Свету захлестнула дикая ярость. Зная собственную вспыльчивость, обычно она старалась себя контролировать, но сейчас это было свыше человеческих сил.
— Убирайтесь! — заорала она, швырнув сумку на пол так, что содержимое разлетелось по спальне. — Чтобы я больше вас не видела! Обоих! Я сама давно мечтаю развестись! Ты мне даром не нужен вместе со своими деньгами! Женись на ней, буду счастлива!
Это то немногое, что Света потом вспомнила, а наверняка было многое похлеще. Очнувшись, ни Мишки, ни Ланы она уже не обнаружила. Кругом царил разгром. Похоже, в приступе гнева она крушила все подряд. Стало стыдно и горько, и Света заплакала. Потом накатил ужас — сейчас появятся дети и застанут отвратительную картину… Она выпила воды, откашлялась и позвонила Татьяне Павловне на мобильник.
— Михаил Петрович отправил нас погулять, — известила та, — но мы уже возвращаемся.
— Нет! — испугалась Света. — Отвезите, пожалуйста, Машку с Ванькой к моей маме и можете быть свободны. Им лучше переночевать там.

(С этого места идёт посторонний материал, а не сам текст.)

lemma sparse_join_le:
  assumes "X \<le>\<^sub>T Y"
  shows "sparse_join X Y \<le>\<^sub>T Y"
proof -
  obtain e where e: "\<And>n. eval Y e [n] (if n \<in> X then 1 else 0)"
    using assms unfolding turing_le_def by blast
  let ?p = "Comp ifpos_rf [Comp sub_rf [Proj 0, Comp pow2_rf [ceillog2_rf]],
    Comp e [Comp sub_rf [ceillog2_rf, Proj 0]], Comp Oracle [ceillog2_rf]]"
  have "eval Y ?p [n] (if n \<in> sparse_join X Y then 1 else 0)" for n
  proof (rule eval_Comp3)
    show "eval Y (Comp sub_rf [Proj 0, Comp pow2_rf [ceillog2_rf]]) [n] (2 ^ ceillog2 n - n)"
      by (rule eval_Comp2[OF eval_ProjI eval_Comp1[OF eval_ceillog2_rf eval_pow2_rf] eval_sub_rf])
        auto
    show "eval Y (Comp e [Comp sub_rf [ceillog2_rf, Proj 0]]) [n]
        (if n - ceillog2 n \<in> X then 1 else 0)"
      by (rule eval_Comp1[OF eval_Comp2[OF eval_ceillog2_rf eval_ProjI eval_sub_rf] e]) auto
    show "eval Y (Comp Oracle [ceillog2_rf]) [n] (if ceillog2 n \<in> Y then 1 else 0)"
      by (rule eval_Comp1[OF eval_ceillog2_rf eval_oracle])
    have branch: "(if 0 < 2 ^ ceillog2 n - n then if n - ceillog2 n \<in> X then 1 else 0
           else if ceillog2 n \<in> Y then 1 else 0)
        = (if n \<in> sparse_join X Y then 1 else (0::nat))"
      using le_two_power_ceillog2[of n] unfolding sparse_join_def by auto
    show "eval Y ifpos_rf [2 ^ ceillog2 n - n, if n - ceillog2 n \<in> X then 1 else 0,
        if ceillog2 n \<in> Y then 1 else 0] (if n \<in> sparse_join X Y then 1 else 0)"
      unfolding branch[symmetric] by (rule eval_ifpos_rf)
  qed
  then show ?thesis
    unfolding turing_le_def by blast
qed

lemma le_sparse_join: "Y \<le>\<^sub>T sparse_join X Y"
proof -
  have "eval (sparse_join X Y) (Comp Oracle [pow2_rf]) [k] (if k \<in> Y then 1 else 0)" for k
  proof (rule eval_Comp1[OF eval_pow2_rf])
    have "(2 ^ k \<in> sparse_join X Y) = (k \<in> Y)"
      by (simp add: sparse_join_def)
    then show "eval (sparse_join X Y) Oracle [2 ^ k] (if k \<in> Y then 1 else 0)"
      using eval_oracle[of "sparse_join X Y" "2 ^ k" "[]"] by simp
  qed
  then show ?thesis
    unfolding turing_le_def by blast
qed

lemma sparse_join_turing_eq: "X \<le>\<^sub>T Y \<Longrightarrow> sparse_join X Y \<equiv>\<^sub>T Y"
  unfolding turing_eq_def using sparse_join_le le_sparse_join by blast

section \<open>Minimal degrees below a maximal antichain\<close>

lemma antichain_Un_degree:
  assumes B: "antichain B" and X: "\<not> computable X"
    and incomparable: "\<And>W. W \<in> B \<Longrightarrow> \<not> W <\<^sub>T X \<and> \<not> X <\<^sub>T W"
  shows "antichain (B \<union> {Z. Z \<equiv>\<^sub>T X})"
proof -
  have new_incomparable: "\<not> W <\<^sub>T Z \<and> \<not> Z <\<^sub>T W" if "W \<in> B" "Z \<equiv>\<^sub>T X" for W Z
    using incomparable[OF \<open>W \<in> B\<close>] \<open>Z \<equiv>\<^sub>T X\<close> turing_le_trans
    unfolding turing_less_def turing_eq_def by blast
  have "\<not> computable Z" if "Z \<in> B \<union> {Z. Z \<equiv>\<^sub>T X}" for Z
    using that B X computable_if_turing_le unfolding antichain_def turing_eq_def by blast
  moreover have "V \<in> B \<union> {Z. Z \<equiv>\<^sub>T X}" if "Z \<in> B \<union> {Z. Z \<equiv>\<^sub>T X}" "V \<equiv>\<^sub>T Z" for Z V
    using that B turing_le_trans unfolding antichain_def turing_eq_def by blast
  moreover have "\<not> Z <\<^sub>T V \<and> \<not> V <\<^sub>T Z"
    if "Z \<in> B \<union> {Z. Z \<equiv>\<^sub>T X}" "V \<in> B \<union> {Z. Z \<equiv>\<^sub>T X}" "\<not> Z \<equiv>\<^sub>T V" for Z V
    using that B new_incomparable turing_le_trans unfolding antichain_def turing_eq_def by blast
  ultimately show ?thesis
    unfolding antichain_def by blast
qed
lemma interval_partition_nth:
  assumes "interval_partition n E D" "i < length D"
  shows "fst (D!i) \<subseteq> snd (D!i)" "face n E (snd (D!i))"
  using interval_partition_block[OF assms(1) nth_mem[OF assms(2)]] by auto

lemma interval_partition_cover:
  assumes "interval_partition n E D" "face n E F"
  obtains i where "i < length D" "in_interval (D!i) F"
  using assms unfolding interval_partition_def by (metis in_set_conv_nth)

lemma interval_partition_nth_unique:
  assumes "interval_partition n E D" "i < length D" "j < length D"
    and "in_interval (D!i) F" "in_interval (D!j) F"
  shows "i = j"
proof -
  have "face n E F"
    using interval_partition_nth(2)[OF assms(1,2)] assms(4) face_subset
    unfolding in_interval_def by blast
  then have "D!i = D!j"
    using assms nth_mem unfolding interval_partition_def by blast
  then show "i = j"
    using assms(1-3) by (simp add: interval_partition_def nth_eq_iff_index_eq)
qed

definition spanned_mod :: "'k::comm_ring_1 mpoly set \<Rightarrow> (nat set \<times> nat set) list \<Rightarrow> 'k mpoly \<Rightarrow> bool" where
  "spanned_mod I D p \<longleftrightarrow> (\<exists>f. (\<forall>i<length D. in_polyring (snd (D!i)) (f i)) \<and>
                             p - (\<Sum>i<length D. sqmono (fst (D!i)) * f i) \<in> I)"

lemma spanned_mod_zero: "spanned_mod (edge_ideal n E) D 0"
  unfolding spanned_mod_def in_polyring_def poly_vars_def
  by (rule exI[of _ "\<lambda>_. 0"]) (simp add: edge_ideal_zero)

lemma spanned_mod_add:
  assumes "spanned_mod (edge_ideal n E) D p" "spanned_mod (edge_ideal n E) D q"
  shows "spanned_mod (edge_ideal n E) D (p + q)"
proof -
  obtain f g where f: "\<forall>i<length D. in_polyring (snd (D!i)) (f i)"
      "p - (\<Sum>i<length D. sqmono (fst (D!i)) * f i) \<in> edge_ideal n E"
    and g: "\<forall>i<length D. in_polyring (snd (D!i)) (g i)"
      "q - (\<Sum>i<length D. sqmono (fst (D!i)) * g i) \<in> edge_ideal n E"
    using assms unfolding spanned_mod_def by blast
  have sum_in_polyring: "\<forall>i<length D. in_polyring (snd (D!i)) (f i + g i)"
    using f(1) g(1) poly_vars_add unfolding in_polyring_def by blast
  have "p + q - (\<Sum>i<length D. sqmono (fst (D!i)) * (f i + g i))
      = (p - (\<Sum>i<length D. sqmono (fst (D!i)) * f i)) + (q - (\<Sum>i<length D. sqmono (fst (D!i)) * g i))"
    by (simp add: distrib_left sum.distrib)
  with edge_ideal_add[OF f(2) g(2)]
  have "p + q - (\<Sum>i<length D. sqmono (fst (D!i)) * (f i + g i)) \<in> edge_ideal n E"
    by (simp only:)
  with sum_in_polyring show ?thesis
    unfolding spanned_mod_def by (intro exI[of _ "\<lambda>i. f i + g i"] conjI)
qed

lemma spanned_mod_sum:
  "(\<And>x. x \<in> A \<Longrightarrow> spanned_mod (edge_ideal n E) D (f x)) \<Longrightarrow> spanned_mod (edge_ideal n E) D (sum f A)"
  by (induction A rule: infinite_finite_induct) (simp_all add: spanned_mod_zero spanned_mod_add)

lemma sqmono_sum_nth_eq_single:
  fixes c :: "'k::comm_ring_1"
  assumes "i < length D" "finite (fst (D!i))" "fst (D!i) \<subseteq> Poly_Mapping.keys t"
  shows "(\<Sum>j<length D. sqmono (fst (D!j)) *
            (if j = i then Poly_Mapping.single (t - sqexp (fst (D!i))) c else 0))
         = Poly_Mapping.single t c"
proof -
  have "(\<Sum>j<length D. sqmono (fst (D!j)) *
            (if j = i then Poly_Mapping.single (t - sqexp (fst (D!i))) c else 0))
      = Poly_Mapping.single (sqexp (fst (D!i)) + (t - sqexp (fst (D!i)))) c"
    using assms(1) by (simp add: sum.remove sqmono_eq_single mult_single)
  then show ?thesis
    by (simp only: sqexp_add_diff[OF assms(2,3)])
qed

lemma spanned_mod_single:
  assumes "interval_partition n E D" "finite E" "\<forall>e\<in>E. finite e"
    and "Poly_Mapping.keys t \<subseteq> {..<n}"
  shows "spanned_mod (edge_ideal n E) D (Poly_Mapping.single t c)"
proof (cases "face n E (Poly_Mapping.keys t)")
  case True
  then obtain i where i: "i < length D" "in_interval (D!i) (Poly_Mapping.keys t)"
    using interval_partition_cover[OF assms(1)] by blast
  have "finite (fst (D!i))"
    using interval_partition_nth[OF assms(1) i(1)] unfolding face_def
    by (meson finite_lessThan finite_subset)
  then have "(\<Sum>j<length D. sqmono (fst (D!j)) *
              (if j = i then Poly_Mapping.single (t - sqexp (fst (D!i))) c else 0))
           = Poly_Mapping.single t c"
    using sqmono_sum_nth_eq_single i unfolding in_interval_def by blast
  moreover have "in_polyring (snd (D!i)) (Poly_Mapping.single (t - sqexp (fst (D!i))) c)"
    using i(2) poly_vars_single keys_diff_subset unfolding in_polyring_def in_interval_def by blast
  ultimately show ?thesis
    unfolding spanned_mod_def in_polyring_def poly_vars_def
    by (intro exI[of _ "\<lambda>j. if j = i then Poly_Mapping.single (t - sqexp (fst (D!i))) c else 0"])
       (auto simp: edge_ideal_zero)
next
  case False
  then obtain e where "e \<in> E" "e \<subseteq> Poly_Mapping.keys t"
    using assms(4) unfolding face_def by blast
  then have "Poly_Mapping.single t c \<in> edge_ideal n E"
    using single_in_edge_ideal assms(2-4) by blast
  then show ?thesis
    unfolding spanned_mod_def in_polyring_def poly_vars_def
    by (intro exI[of _ "\<lambda>_. 0"]) simp
qed
lemma pdiff_f_derivs:
  assumes "x \<in> f_derivs i"
  shows "pdiff j x \<in> mpoly.span (low_forms (Suc i) \<union> f_derivs (Suc i))"
proof -
  obtain b where b: "b \<le> n" "b \<le> i" and x: "x = uv_diff n (i - b) b f"
    using assms by (auto simp: f_derivs_def)
  consider "j = n+1" | "j = n+2" | "j \<notin> {n+1, n+2}"
    by blast
  then show ?thesis
  proof cases
    case 1
    then have "pdiff j x = uv_diff n (Suc i - b) b f"
      using b pdiff_u_uv_diff[of n "i - b" b f] by (simp add: x Suc_diff_le)
    then show ?thesis
      using b uv_diff_f_in_f_derivs[of b "Suc i"] by (simp add: mpoly.span_base)
  next
    case 2
    then have px: "pdiff j x = uv_diff n (Suc i - Suc b) (Suc b) f"
      using pdiff_v_uv_diff[of n "i - b" b f] by (simp add: x)
    show ?thesis
    proof (cases "b = n")
      case True
      then have "pdiff j x = 0"
        using px uv_diff_eq_0_if_var_degree_le[OF f_v_degree] by simp
      then show ?thesis
        by (simp add: mpoly.span_zero)
    next
      case False
      then show ?thesis
        using b px uv_diff_f_in_f_derivs[of "Suc b" "Suc i"] by (simp add: mpoly.span_base)
    qed
  next
    case 3
    then have "pdiff j x = (if j \<le> n then uv_diff n (i - b) b (p j) else 0)"
      by (simp add: x pdiff_uv_diff pdiff_f)
    then show ?thesis
      using uv_diff_p_in_low_forms[OF _ b(2), of j]
      by (auto simp: mpoly.span_zero intro: mpoly.span_base)
  qed
qed

lemma partials_subset_span: "partials i f \<subseteq> mpoly.span (low_forms i \<union> f_derivs i)"
proof (induct i)
  case 0
  have "f \<in> f_derivs 0"
    using uv_diff_f_in_f_derivs[of 0 0] by (simp add: uv_diff_def)
  then show ?case
    by (auto intro: mpoly.span_base)
next
  case (Suc i)
  have "pdiff j ` (low_forms i \<union> f_derivs i) \<subseteq> mpoly.span (low_forms (Suc i) \<union> f_derivs (Suc i))"
    for j
    using pdiff_low_forms pdiff_f_derivs by (auto intro: mpoly.span_base)
  then have "mpoly.span (pdiff j ` (low_forms i \<union> f_derivs i))
      \<subseteq> mpoly.span (low_forms (Suc i) \<union> f_derivs (Suc i))" for j
    by (rule mpoly.span_minimal) (rule mpoly.subspace_span)
  then show ?case
    using Suc pdiff_in_span_image by fastforce
qed

theorem hvec_upper_bound: "hvec f i \<le> min (n + 1) (d - i + 1) + min (n + 1) (i + 1)"
proof -
  define M where "M = (\<lambda>s. Poly_Mapping.single (uv_monom n (d - i - s) s) (1::'k)) ` {..min n (d - i)}"
  have "low_forms i \<subseteq> mpoly.span M"
  proof
    fix q assume "q \<in> low_forms i"
    then show "q \<in> mpoly.span M"
      unfolding M_def low_forms_def by (intro binary_form_in_span_monomials) simp_all
  qed
  then have "low_forms i \<union> f_derivs i \<subseteq> mpoly.span (M \<union> f_derivs i)"
    using mpoly.span_mono[of M "M \<union> f_derivs i"] by (auto intro: mpoly.span_base)
  then have "mpoly.span (low_forms i \<union> f_derivs i) \<subseteq> mpoly.span (M \<union> f_derivs i)"
    by (rule mpoly.span_minimal) (rule mpoly.subspace_span)
  then have "hvec f i \<le> card (M \<union> f_derivs i)"
    using partials_subset_span unfolding hvec_def
    by (intro mpoly.dim_le_card) (auto simp: M_def f_derivs_def)
  also have "\<dots> \<le> card M + card (f_derivs i)"
    by (rule card_Un_le)
  also have "card M \<le> min n (d - i) + 1"
    unfolding M_def by (rule order.trans[OF card_image_le]) auto
  also have "card (f_derivs i) \<le> min n i + 1"
    unfolding f_derivs_def by (rule order.trans[OF card_image_le]) auto
  finally show ?thesis
    by simp
qed

end

section \<open>The example\<close>

lemma mvar_power: "(mvar a :: 'k::comm_ring_1 mpoly) ^ k = Poly_Mapping.single (Poly_Mapping.single a k) 1"
  by (induct k) (simp_all add: mvar_def mult_single single_add[symmetric] del: single_add)

definition monomial_forms :: "nat \<Rightarrow> nat \<Rightarrow> nat \<Rightarrow> 'k::comm_ring_1 mpoly" where
  "monomial_forms n d j = mvar (n+1) ^ (d - 1 - j) * mvar (n+2) ^ j"

lemma monomial_forms_eq: "monomial_forms n d j = Poly_Mapping.single (uv_monom n (d - 1 - j) j) 1"
  by (simp add: monomial_forms_def mvar_power mult_single uv_monom_def)

lemma v_bounded_perazzo_monomial_forms:
  assumes "n < d"
  shows "v_bounded_perazzo n d (monomial_forms n d :: nat \<Rightarrow> 'k::field_char_0 mpoly) 0
           (\<Sum>j\<le>n. mvar j * mvar (n+1) ^ (d - 1 - j) * mvar (n+2) ^ j)"
proof unfold_locales
  fix j assume "j \<le> n"
  have "Poly_Mapping.keys (uv_monom n a b) \<subseteq> {n+1, n+2}" for a b
    by (auto simp: in_keys_iff split: if_splits)
  then show "in_uv_forms n (d - 1) (monomial_forms n d j :: 'k mpoly)"
    using \<open>j \<le> n\<close> assms
    by (simp add: monomial_forms_eq in_uv_forms_def only_vars_def homog_of_def)
  show "var_degree_le (n+2) n (monomial_forms n d j :: 'k mpoly)"
    using \<open>j \<le> n\<close> by (simp add: monomial_forms_eq var_degree_le_def)
next
  show "lin_indep_forms n (monomial_forms n d :: nat \<Rightarrow> 'k mpoly)"
    unfolding lin_indep_forms_def
  proof (intro allI impI)
    fix c :: "nat \<Rightarrow> 'k" and j
    assume rel: "(\<Sum>k\<le>n. mconst (c k) * monomial_forms n d k) = 0" and "j \<le> n"
    have "mconst (c k) * monomial_forms n d k = Poly_Mapping.single (uv_monom n (d - 1 - k) k) (c k)" for k
      by (simp add: monomial_forms_eq mconst_def mult_single)
    then have "0 = (\<Sum>k\<le>n. Poly_Mapping.lookup (Poly_Mapping.single (uv_monom n (d - 1 - k) k) (c k))
        (uv_monom n (d - 1 - j) j))"
      using arg_cong[OF rel, of "\<lambda>q. Poly_Mapping.lookup q (uv_monom n (d - 1 - j) j)"]
      by (simp add: lookup_sum)
    also have "\<dots> = (\<Sum>k\<le>n. if k = j then c j else 0)"
      by (intro sum.cong) (auto simp: lookup_single when_def)
    finally show "c j = 0"
      using \<open>j \<le> n\<close> by simp
  qed
next
  show "(\<Sum>j\<le>n. mvar j * mvar (n+1) ^ (d - 1 - j) * mvar (n+2) ^ j) =
        (\<Sum>j\<le>n. mvar j * monomial_forms n d j) + (0 :: 'k mpoly)"
    by (simp add: monomial_forms_def mult.assoc)
qed simp_all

Вымуштрованная Мишкой Татьяна Павловна не задавала вопросов. Света позвонила маме, наврала, что у соседей гепатит, и та охотно согласилась от греха подальше временно поселить внуков у себя, тем более, в школе как раз каникулы. Едва успев положить трубку, Света снова зарыдала. Мир рухнул. Она жила за каменной стеной, а теперь стена исчезла, и приходилось с ужасом вглядываться в пустоту. Не лучше ли закрыть глаза, чтобы ничего не видеть? Впрочем, разве не это она делала последнее время? Она ведь догадывалась, что Мишка ей изменяет, но старательно убеждала себя в обратном.
Света понимала, подобное признание ей не на пользу. Раз догадывалась, почему терпела? А поскольку терпела, незачем устраивать истерики, правильно? С точки зрения логики правильно, но реально… Да, иногда ей по неуловимым, смутным признакам мнилось, что Мишка недавно был с кем-то близок. Чаще всего эта мысль возникала после его возвращения с очередного пикника. В их «Интермаге» (это фирма Мишкина так называется) прямо-таки помешательство на подобного рода развлечениях. Выходные не в выходные, если не завалиться гурьбой за город, где положено собственноручно нажарить шашлыков, объесться, напиться, да еще как можно дольше проторчать в сауне — страшное на взгляд любого врача сочетание. У Светы сердце разрывалось от ужаса, когда она поначалу с ними ездила. А потом она вдруг подумала: «А зачем я туда еду? Остальные понятно — развлекаться, а я зачем? Портить настроение себе и им?» Действительно, если б она хотя бы могла заставить Мишку поменьше пить, тогда другое дело, но он совершенно в этом вопросе ее не слушал. Уверял, что после тяжелой рабочей недели ему просто необходимо расслабиться. Что другие у них пьют не меньше (кстати, чистая правда). Короче, эти пикники Свету только расстраивали. Вот она и поступила по своему дурацкому правилу — с глаз долой, из сердца вон. Оставалась дома, предоставляя Мишке развлекаться на приятный ему лад. В конце концов, она же ходит без него в театр, так почему ему не выбираться без нее за город?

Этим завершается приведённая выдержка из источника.